» **Data provided**:

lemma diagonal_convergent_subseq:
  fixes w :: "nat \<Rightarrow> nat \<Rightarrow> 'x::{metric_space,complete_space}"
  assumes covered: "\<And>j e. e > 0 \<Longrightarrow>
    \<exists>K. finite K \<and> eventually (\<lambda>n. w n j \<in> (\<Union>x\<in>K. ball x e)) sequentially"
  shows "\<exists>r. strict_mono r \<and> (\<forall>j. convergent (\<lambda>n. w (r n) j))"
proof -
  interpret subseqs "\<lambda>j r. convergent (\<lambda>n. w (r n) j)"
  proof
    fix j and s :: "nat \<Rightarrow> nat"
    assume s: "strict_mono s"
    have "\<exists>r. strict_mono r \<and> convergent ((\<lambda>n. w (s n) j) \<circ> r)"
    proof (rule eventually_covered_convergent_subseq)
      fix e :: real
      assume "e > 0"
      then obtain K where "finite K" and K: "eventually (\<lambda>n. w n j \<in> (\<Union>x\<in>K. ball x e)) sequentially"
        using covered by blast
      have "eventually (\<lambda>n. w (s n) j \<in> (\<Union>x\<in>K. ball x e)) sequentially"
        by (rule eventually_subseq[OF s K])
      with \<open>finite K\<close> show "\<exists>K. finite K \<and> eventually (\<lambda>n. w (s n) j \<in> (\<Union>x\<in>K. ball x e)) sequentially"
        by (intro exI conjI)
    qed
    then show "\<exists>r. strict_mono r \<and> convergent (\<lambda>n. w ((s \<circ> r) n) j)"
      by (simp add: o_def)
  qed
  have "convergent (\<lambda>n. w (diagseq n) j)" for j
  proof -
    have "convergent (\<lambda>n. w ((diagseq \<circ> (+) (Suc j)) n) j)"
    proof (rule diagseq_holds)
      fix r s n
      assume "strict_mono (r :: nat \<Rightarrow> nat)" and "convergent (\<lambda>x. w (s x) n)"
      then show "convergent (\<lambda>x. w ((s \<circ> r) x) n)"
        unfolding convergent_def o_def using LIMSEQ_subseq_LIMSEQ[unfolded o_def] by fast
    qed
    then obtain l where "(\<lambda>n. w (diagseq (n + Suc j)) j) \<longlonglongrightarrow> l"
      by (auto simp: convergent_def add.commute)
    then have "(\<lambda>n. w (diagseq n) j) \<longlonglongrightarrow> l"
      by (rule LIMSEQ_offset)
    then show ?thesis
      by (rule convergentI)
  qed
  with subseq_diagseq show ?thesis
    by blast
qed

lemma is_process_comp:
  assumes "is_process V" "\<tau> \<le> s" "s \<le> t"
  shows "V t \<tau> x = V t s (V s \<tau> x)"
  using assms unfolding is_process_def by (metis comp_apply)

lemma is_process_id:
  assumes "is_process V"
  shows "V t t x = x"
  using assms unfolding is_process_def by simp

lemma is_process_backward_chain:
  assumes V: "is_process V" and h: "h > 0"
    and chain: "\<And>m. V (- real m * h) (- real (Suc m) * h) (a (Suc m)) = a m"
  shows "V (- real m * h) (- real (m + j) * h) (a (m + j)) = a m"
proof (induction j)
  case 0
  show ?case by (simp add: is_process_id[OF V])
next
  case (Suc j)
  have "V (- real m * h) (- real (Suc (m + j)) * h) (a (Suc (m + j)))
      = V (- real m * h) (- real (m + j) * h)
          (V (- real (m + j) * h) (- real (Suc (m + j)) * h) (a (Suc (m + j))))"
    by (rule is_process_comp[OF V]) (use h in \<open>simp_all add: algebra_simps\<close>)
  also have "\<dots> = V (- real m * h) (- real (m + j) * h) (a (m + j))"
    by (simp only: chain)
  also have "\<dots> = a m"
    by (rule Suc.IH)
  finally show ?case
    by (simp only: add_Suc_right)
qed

--

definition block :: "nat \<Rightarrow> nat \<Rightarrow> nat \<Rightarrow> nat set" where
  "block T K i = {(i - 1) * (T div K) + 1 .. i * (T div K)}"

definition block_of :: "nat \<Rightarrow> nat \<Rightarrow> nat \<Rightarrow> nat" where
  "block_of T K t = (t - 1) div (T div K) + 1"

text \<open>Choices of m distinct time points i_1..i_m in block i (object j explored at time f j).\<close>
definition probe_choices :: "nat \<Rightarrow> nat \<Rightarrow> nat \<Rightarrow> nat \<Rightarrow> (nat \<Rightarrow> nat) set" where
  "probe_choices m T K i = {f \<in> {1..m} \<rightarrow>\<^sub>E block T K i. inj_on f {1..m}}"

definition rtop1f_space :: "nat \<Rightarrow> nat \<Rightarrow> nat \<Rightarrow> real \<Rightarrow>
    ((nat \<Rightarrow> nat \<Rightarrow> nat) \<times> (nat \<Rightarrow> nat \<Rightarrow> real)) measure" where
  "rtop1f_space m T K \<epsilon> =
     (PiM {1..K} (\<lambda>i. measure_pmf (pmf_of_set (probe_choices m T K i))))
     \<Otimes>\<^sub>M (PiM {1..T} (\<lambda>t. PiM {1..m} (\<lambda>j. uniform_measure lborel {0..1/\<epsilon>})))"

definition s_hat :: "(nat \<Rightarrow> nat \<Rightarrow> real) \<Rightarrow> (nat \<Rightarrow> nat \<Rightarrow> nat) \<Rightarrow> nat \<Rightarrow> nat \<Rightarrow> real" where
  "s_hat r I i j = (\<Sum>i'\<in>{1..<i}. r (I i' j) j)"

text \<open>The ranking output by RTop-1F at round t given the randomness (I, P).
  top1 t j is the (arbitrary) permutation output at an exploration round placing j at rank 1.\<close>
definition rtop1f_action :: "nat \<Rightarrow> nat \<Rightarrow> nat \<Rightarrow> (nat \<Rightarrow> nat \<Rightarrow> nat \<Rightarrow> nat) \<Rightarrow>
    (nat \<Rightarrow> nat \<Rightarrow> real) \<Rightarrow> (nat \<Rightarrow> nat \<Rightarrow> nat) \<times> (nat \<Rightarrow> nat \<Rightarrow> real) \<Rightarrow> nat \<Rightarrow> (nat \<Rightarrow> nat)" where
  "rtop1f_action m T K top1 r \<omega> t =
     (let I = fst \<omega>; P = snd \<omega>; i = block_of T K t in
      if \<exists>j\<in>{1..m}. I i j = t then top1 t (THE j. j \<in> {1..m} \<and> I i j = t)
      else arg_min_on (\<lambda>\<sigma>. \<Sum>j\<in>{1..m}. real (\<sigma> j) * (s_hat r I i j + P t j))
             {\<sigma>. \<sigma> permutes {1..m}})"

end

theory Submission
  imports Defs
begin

---

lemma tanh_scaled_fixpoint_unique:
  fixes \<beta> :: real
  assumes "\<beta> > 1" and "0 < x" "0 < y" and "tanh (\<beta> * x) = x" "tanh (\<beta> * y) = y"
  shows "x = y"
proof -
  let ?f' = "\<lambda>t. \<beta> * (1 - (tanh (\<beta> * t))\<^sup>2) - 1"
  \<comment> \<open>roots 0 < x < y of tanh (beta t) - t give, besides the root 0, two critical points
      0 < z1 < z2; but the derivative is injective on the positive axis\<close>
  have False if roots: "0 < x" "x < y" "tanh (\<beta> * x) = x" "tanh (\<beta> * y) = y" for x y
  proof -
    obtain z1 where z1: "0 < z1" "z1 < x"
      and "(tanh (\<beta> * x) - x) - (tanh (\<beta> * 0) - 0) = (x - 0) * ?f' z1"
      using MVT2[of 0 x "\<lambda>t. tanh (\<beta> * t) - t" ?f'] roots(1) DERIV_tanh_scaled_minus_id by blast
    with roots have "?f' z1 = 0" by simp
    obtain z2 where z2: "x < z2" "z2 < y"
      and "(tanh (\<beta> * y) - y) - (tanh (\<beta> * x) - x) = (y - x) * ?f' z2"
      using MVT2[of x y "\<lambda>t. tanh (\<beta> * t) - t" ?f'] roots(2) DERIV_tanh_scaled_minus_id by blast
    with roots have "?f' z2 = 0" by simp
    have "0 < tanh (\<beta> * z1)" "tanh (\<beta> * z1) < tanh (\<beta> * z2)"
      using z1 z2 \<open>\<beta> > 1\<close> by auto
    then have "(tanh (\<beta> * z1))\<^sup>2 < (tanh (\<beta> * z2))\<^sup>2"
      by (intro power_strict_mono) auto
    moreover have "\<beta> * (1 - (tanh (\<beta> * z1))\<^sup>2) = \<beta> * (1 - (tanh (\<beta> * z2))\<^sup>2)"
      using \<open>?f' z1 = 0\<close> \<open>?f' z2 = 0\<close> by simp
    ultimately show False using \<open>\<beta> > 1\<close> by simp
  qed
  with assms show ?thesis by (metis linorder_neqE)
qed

» **Your objective**:
Go through the listing above and find each line that contains "intro", then copy it.

» **Exercise answer**:
        by (intro exI conjI)
      by (intro power_strict_mono) auto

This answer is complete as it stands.